Most people... on the IT, engineering side of things – they're like, 'Oh those data scientists, they're just throwing their horrible shitty code at me over the wall and it doesn't work; I can't deploy it and I don't know what to do...
Hilary Mason, a data scientist by training, joined the firm about 18 months ago when Cloudera snaffled up her analytics and algorithm research biz Fast Forward Labs.
The shift saw her 16-person team, mostly used to working with startups, join a company of 1,500 that soon went on to merge with its chief rival Hortonworks, and is relentlessly eyeing up the enterprise.
"It has, on the surface, felt like an odd combination, to have a bunch of applied machine learning researchers essentially in residence at a data platform vendor," she told The Register at the DataWorks conference in Barcelona last week. "But we've found the niche where our company sits."
The former Fast Forward Labs team makes up one part of the machine learning business unit in Cloudera, focused on research, consulting and building the software, while the other half is focused on the Cloudera Data Science Workbench platform.
But one thing that will have taken some getting used to is working with customers that have significantly different problems than those they traditionally worked with – and there is now a very "wide spectrum of sophistication", Mason said.
"Some are incredibly advanced, doing the really flashy, exciting stuff… but the majority aren't doing that; they're doing things like predicting operational metrics, or business intelligence."
These customers tend to have a data lake investment and want to build a machine learning application on that.
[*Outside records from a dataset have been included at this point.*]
lemma legal_length_le_vertex_cover:
  assumes "finite J" "vertex_cover V E J" "set S \<subseteq> V" "legal_from (nbhd E) {} S"
  shows "length S \<le> 2 * card J"
proof -
  obtain f where f: "inj_on f (set S)" "\<forall>z\<in>set S. f z \<in> nbhd E z"
    using legal_from_private_neighbours[OF assms(4)] by blast
  have "f ` (set S - J) \<subseteq> J" using f(2) assms(2,3) unfolding vertex_cover_def by blast
  moreover have "inj_on f (set S - J)" using f(1) by (rule inj_on_subset) auto
  ultimately have "card (set S - J) \<le> card J" using card_inj_on_le assms(1) by blast
  moreover have "card (set S) \<le> card (set S - J) + card J"
    using card_Un_le[of "set S - J" J] card_mono[of "(set S - J) \<union> J" "set S"] assms(1) by auto
  moreover have "length S = card (set S)"
    using legal_from_distinct[OF assms(4)] by (simp add: distinct_card)
  ultimately show ?thesis by linarith
qed

section \<open>Trees of the family\<close>

lemma in_family_T_finite: "in_family_T V E \<Longrightarrow> finite V \<and> (\<forall>e\<in>E. e \<subseteq> V)"
  by (induction rule: in_family_T.induct) auto

lemma nbhd_attach_path:
  assumes "\<forall>e\<in>E. e \<subseteq> V" "v \<in> V" "v1 \<notin> V" "v2 \<notin> V" "v3 \<notin> V" "v1 \<noteq> v2" "v1 \<noteq> v3" "v2 \<noteq> v3"
  defines "E' \<equiv> E \<union> {{v, v1}, {v1, v2}, {v2, v3}}"
  shows "a \<in> V \<Longrightarrow> a \<noteq> v \<Longrightarrow> nbhd E' a = nbhd E a"
    and "nbhd E' v = insert v1 (nbhd E v)"
    and "nbhd E' v1 = {v, v2}" and "nbhd E' v2 = {v1, v3}" and "nbhd E' v3 = {v2}"
  using assms unfolding nbhd_def by (auto simp: doubleton_eq_iff)

lemma support_vertex_attach_path:
  assumes "finite V" and fin: "\<forall>e\<in>E. e \<subseteq> V"
    and new: "v \<in> V" "v1 \<notin> V" "v2 \<notin> V" "v3 \<notin> V" "v1 \<noteq> v2" "v1 \<noteq> v3" "v2 \<noteq> v3"
    and v: "nbhd E v \<noteq> {}"
    and w: "support_vertex (E \<union> {{v, v1}, {v1, v2}, {v2, v3}}) w"
  shows "w = v2 \<or> w = v \<or> (w \<in> V \<and> (\<exists>u\<in>nbhd E w. leaf E u \<and> u \<noteq> v))"
proof -
  let ?E' = "E \<union> {{v, v1}, {v1, v2}, {v2, v3}}"
  note nb = nbhd_attach_path[OF fin new]
  have nbV: "nbhd E a \<subseteq> V" for a using fin by (auto simp: nbhd_def)
  obtain u where u: "u \<in> nbhd ?E' w" "leaf ?E' u" using w by (auto simp: support_vertex_def)
  have wu: "w \<in> nbhd ?E' u" using u(1) nbhd_commute by metis
  show ?thesis
  proof (cases "u \<in> V \<and> u \<noteq> v")
    case True
    then have eq: "nbhd ?E' u = nbhd E u" using nb(1) by blast
    then have "w \<in> nbhd E u" using wu by simp
    then have "w \<in> V" "u \<in> nbhd E w" using nbV nbhd_commute by (blast, metis)
    moreover have "leaf E u" using u(2) eq by (simp add: leaf_def)
    ultimately show ?thesis using True by blast
  next
    case False
    have "\<not> leaf ?E' v"
    proof -
      obtain t where t: "t \<in> nbhd E v" using v by blast
      then have "t \<noteq> v1" using nbV new by blast
      then have "card {v1, t} \<le> card (nbhd ?E' v)"
        using t nb(2) finite_subset[OF nbV \<open>finite V\<close>] by (intro card_mono) auto
      then show ?thesis using \<open>t \<noteq> v1\<close> by (simp add: leaf_def)
    qed
    moreover have "{u, w} \<in> ?E'" using u(1) by (simp add: nbhd_def)
    then have "u \<in> V \<union> {v1, v2, v3}" using fin new(1) by auto
    moreover have "v \<noteq> v2" using new by blast
    then have "\<not> leaf ?E' v1" "\<not> leaf ?E' v2"
      using nb(3,4) new(6) by (simp_all add: leaf_def)
    ultimately have "u = v3" using False u(2) by blast
    then show ?thesis using wu nb(5) by simp
  qed
qed

text \<open>A cover containing every support vertex survives \<open>\<O>\<^sub>1\<close>, which attaches at a support
  vertex; \<open>P\<^sub>2\<close> is a separate case, as no cover of size one contains both of its supports.\<close>
definition family_invariant :: "'a set \<Rightarrow> 'a set set \<Rightarrow> bool" where
  "family_invariant V E \<longleftrightarrow> (\<exists>a b. a \<noteq> b \<and> V = {a, b} \<and> E = {{a, b}}) \<or>
     (\<exists>J. vertex_cover V E J \<and> 3 * card J = card V + 1 \<and> {w\<in>V. support_vertex E w} \<subseteq> J)"

lemma family_invariant_attach_path:
  assumes fb: "finite V" "\<forall>e\<in>E. e \<subseteq> V"
    and new: "v \<in> V" "v1 \<notin> V" "v2 \<notin> V" "v3 \<notin> V" "v1 \<noteq> v2" "v1 \<noteq> v3" "v2 \<noteq> v3"
    and v: "nbhd E v \<noteq> {}"
    and J: "vertex_cover V E J" "3 * card J = card V + 1" "v \<in> J"
      "\<forall>w\<in>V. (\<exists>u\<in>nbhd E w. leaf E u \<and> u \<noteq> v) \<longrightarrow> w \<in> J"
  shows "family_invariant (V \<union> {v1, v2, v3}) (E \<union> {{v, v1}, {v1, v2}, {v2, v3}})"
proof -
  let ?V' = "V \<union> {v1, v2, v3}" and ?E' = "E \<union> {{v, v1}, {v1, v2}, {v2, v3}}"
  note nb = nbhd_attach_path[OF fb(2) new]
  have JV: "J \<subseteq> V" using J(1) by (simp add: vertex_cover_def)
  have "vertex_cover ?V' ?E' (insert v2 J)"
    unfolding vertex_cover_def
  proof (intro conjI ballI)
    fix x assume x: "x \<in> ?V' - insert v2 J"
    show "nbhd ?E' x \<subseteq> insert v2 J"
    proof (cases "x \<in> V")
      case True
      then have "x \<noteq> v" using x J(3) by blast
      then show ?thesis using nb(1) True x J(1) by (auto simp: vertex_cover_def)
    next
      case False
      then have "x = v1 \<or> x = v3" using x by blast
      then show ?thesis using nb(3,5) J(3) by auto
    qed
  qed (use JV in blast)
  moreover have "3 * card (insert v2 J) = card ?V' + 1"
    using J(2) new fb(1) finite_subset[OF JV fb(1)] JV by (auto simp: card_insert_if)
  moreover have "{w\<in>?V'. support_vertex ?E' w} \<subseteq> insert v2 J"
    using support_vertex_attach_path[OF fb new v] J(3,4) by blast
  ultimately show ?thesis unfolding family_invariant_def by blast
qed

lemma in_family_T_invariant: "in_family_T V E \<Longrightarrow> family_invariant V E"
proof (induction rule: in_family_T.induct)
  case (P2 a b)
  then show ?case unfolding family_invariant_def by blast
next
  case (O1 V E v v1 v2 v3)
  have fb: "finite V" "\<forall>e\<in>E. e \<subseteq> V" using in_family_T_finite[OF O1.hyps(1)] by auto
  obtain u where u: "u \<in> nbhd E v" "leaf E u" using O1.hyps(3) by (auto simp: support_vertex_def)
  from O1.IH[unfolded family_invariant_def] show ?case
  proof (elim disjE exE conjE)
    fix a b assume ab: "a \<noteq> b" "V = {a, b}" "E = {{a, b}}"
    have "vertex_cover V E {v}" "\<forall>w\<in>V. (\<exists>u\<in>nbhd E w. leaf E u \<and> u \<noteq> v) \<longrightarrow> w \<in> {v}"
      using ab O1.hyps(2) by (auto simp: vertex_cover_def nbhd_def doubleton_eq_iff)
    moreover have "3 * card {v} = card V + 1" using ab by simp
    ultimately show ?thesis
      using family_invariant_attach_path[OF fb O1.hyps(2,4-9)] u(1)
      unfolding family_invariant_def by blast
  next
    fix J assume J: "vertex_cover V E J" "3 * card J = card V + 1" "{w\<in>V. support_vertex E w} \<subseteq> J"
    then have "v \<in> J" "\<forall>w\<in>V. (\<exists>u\<in>nbhd E w. leaf E u \<and> u \<noteq> v) \<longrightarrow> w \<in> J"
      using O1.hyps(2,3) by (auto simp: support_vertex_def)
    then show ?thesis
      using family_invariant_attach_path[OF fb O1.hyps(2,4-9) _ J(1,2)] u(1)
      unfolding family_invariant_def by blast
  qed
qed

lemma in_family_T_legal_upper_bound:
  assumes "in_family_T V E" "set S \<subseteq> V" "legal_from (nbhd E) {} S"
  shows "3 * length S \<le> 2 * (card V + 1)"
proof -
  have "\<exists>J. vertex_cover V E J \<and> 3 * card J = card V + 1"
    using in_family_T_invariant[OF assms(1)] unfolding family_invariant_def
  proof (elim disjE exE conjE)
    fix a b assume ab: "a \<noteq> b" "V = {a, b}" "E = {{a, b}}"
    then have "vertex_cover V E {a} \<and> 3 * card {a} = card V + 1"
      by (auto simp: vertex_cover_def nbhd_def doubleton_eq_iff)
    then show ?thesis by blast
  qed blast
  then obtain J where J: "vertex_cover V E J" "3 * card J = card V + 1" by blast
  have "finite J" using J(1) in_family_T_finite[OF assms(1)] finite_subset
    unfolding vertex_cover_def by blast
  then have "3 * length S \<le> 2 * (3 * card J)"
    using legal_length_le_vertex_cover[OF \<open>finite J\<close> J(1) assms(2,3)] by linarith
  then show ?thesis using J(2) by simp
qed

section \<open>Extremal forests\<close>

definition extremal_in :: "'a set set \<Rightarrow> 'a set \<Rightarrow> bool" where
  "extremal_in E W \<longleftrightarrow>
     (\<forall>S. set S \<subseteq> W \<and> legal_from (nbhd_in E W) {} S \<longrightarrow> 3 * length S \<le> 2 * (card W + 1))"

lemma extremal_in_wrap_bound:
  assumes ext: "extremal_in E W" and x: "x \<in> W" "nbhd_in E W x = {y}" "x \<noteq> y"
    and X: "{x, y} \<subseteq> X" and S: "set S \<subseteq> W - X" "legal_from (nbhd_in E (W - X)) {} S"
  shows "3 * length S + 6 \<le> 2 * (card W + 1)"
proof -
  have "legal_from (nbhd_in E W) {} (x # S @ [y])"
    using legal_from_wrap_pendant_edge[OF S(2,1) x(2,1,3) X] .
  moreover have "set (x # S @ [y]) \<subseteq> W"
    using S(1) x(1) subsetD[OF nbhd_in_subset, of y E W x] x(2) by auto
  ultimately show ?thesis using ext unfolding extremal_in_def by fastforce
qed

lemma extremal_in_remove_pendant_path:
  assumes ext: "extremal_in E W" and x: "x \<in> W" "nbhd_in E W x = {y}" "x \<noteq> y"
    and X: "{x, y} \<subseteq> X" "X \<subseteq> W" "card X = 3" and finW: "finite W"
  shows "extremal_in E (W - X)"
  unfolding extremal_in_def
proof (intro allI impI, elim conjE)
  fix S assume S: "set S \<subseteq> W - X" "legal_from (nbhd_in E (W - X)) {} S"
  have "card W = card (W - X) + 3"
    using card_Diff_subset[OF finite_subset[OF X(2) finW] X(2)] card_mono[OF finW X(2)] X(3) by simp
  then show "3 * length S \<le> 2 * (card (W - X) + 1)"
    using extremal_in_wrap_bound[OF ext x X(1) S] by simp
qed

lemma extremal_in_remove_pendant_edge:
  assumes g: "graph V E" and f: "forest V E" and W: "W \<subseteq> V"
    and ext: "extremal_in E W" and ni: "no_isolated_in E W"
    and x: "x \<in> W" "nbhd_in E W x = {y}" "x \<noteq> y"
    and only: "\<forall>u\<in>nbhd_in E W y. u \<in> leaves_in E W \<longrightarrow> u = x"
    and ne: "W - {x, y} \<noteq> {}"
  shows "card (supports_in E (W - {x, y})) < card (leaves_in E (W - {x, y}))"
proof -
  have finW: "finite W" using g W unfolding graph_def by (auto intro: finite_subset)
  have yW: "y \<in> W" using nbhd_in_subset[of E W x] x(2) by simp
  have "no_isolated_in E (W - {x, y})"
    using no_isolated_in_remove_pendant_edge[OF ni x(1,2) only] .
  then obtain S where S: "set S \<subseteq> W - {x, y}" "legal_from (nbhd_in E (W - {x, y})) {} S"
    and bound: "2 * forest_weight E (W - {x, y}) \<le> 3 * int (length S)"
    using forest_legal_lower_bound[OF g f _ ne] W by blast
  have "3 * length S \<le> 2 * card (W - {x, y})"
    using extremal_in_wrap_bound[OF ext x _ S] card_Diff_pair[OF finW x(1) yW x(3)] by simp
  then have "int (3 * length S) \<le> int (2 * card (W - {x, y}))" by (simp only: of_nat_le_iff)
  then show ?thesis using bound unfolding forest_weight_def by simp
qed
They generally start by targeting a large cost saving before trying to argue for cash to tackle the more interesting problems that would create new revenue streams.
They rely on outside expertise to help them address the organisational challenges – often harder than the technology problems – but there is also a cultural element at play. "In many of these companies – the Fortune 500s of the world – they're looking for an outside group to help with R&D because, internally, even though they have the talent and the tech, they can't politically invest in those systems."
Data scientists aren't tooled up to be team players
Cultural challenges face the data science community in other ways, too, Mason argues. At the moment, data scientists' jobs don't look the same from company to company, and the whole profession needs to become "much more of a team sport".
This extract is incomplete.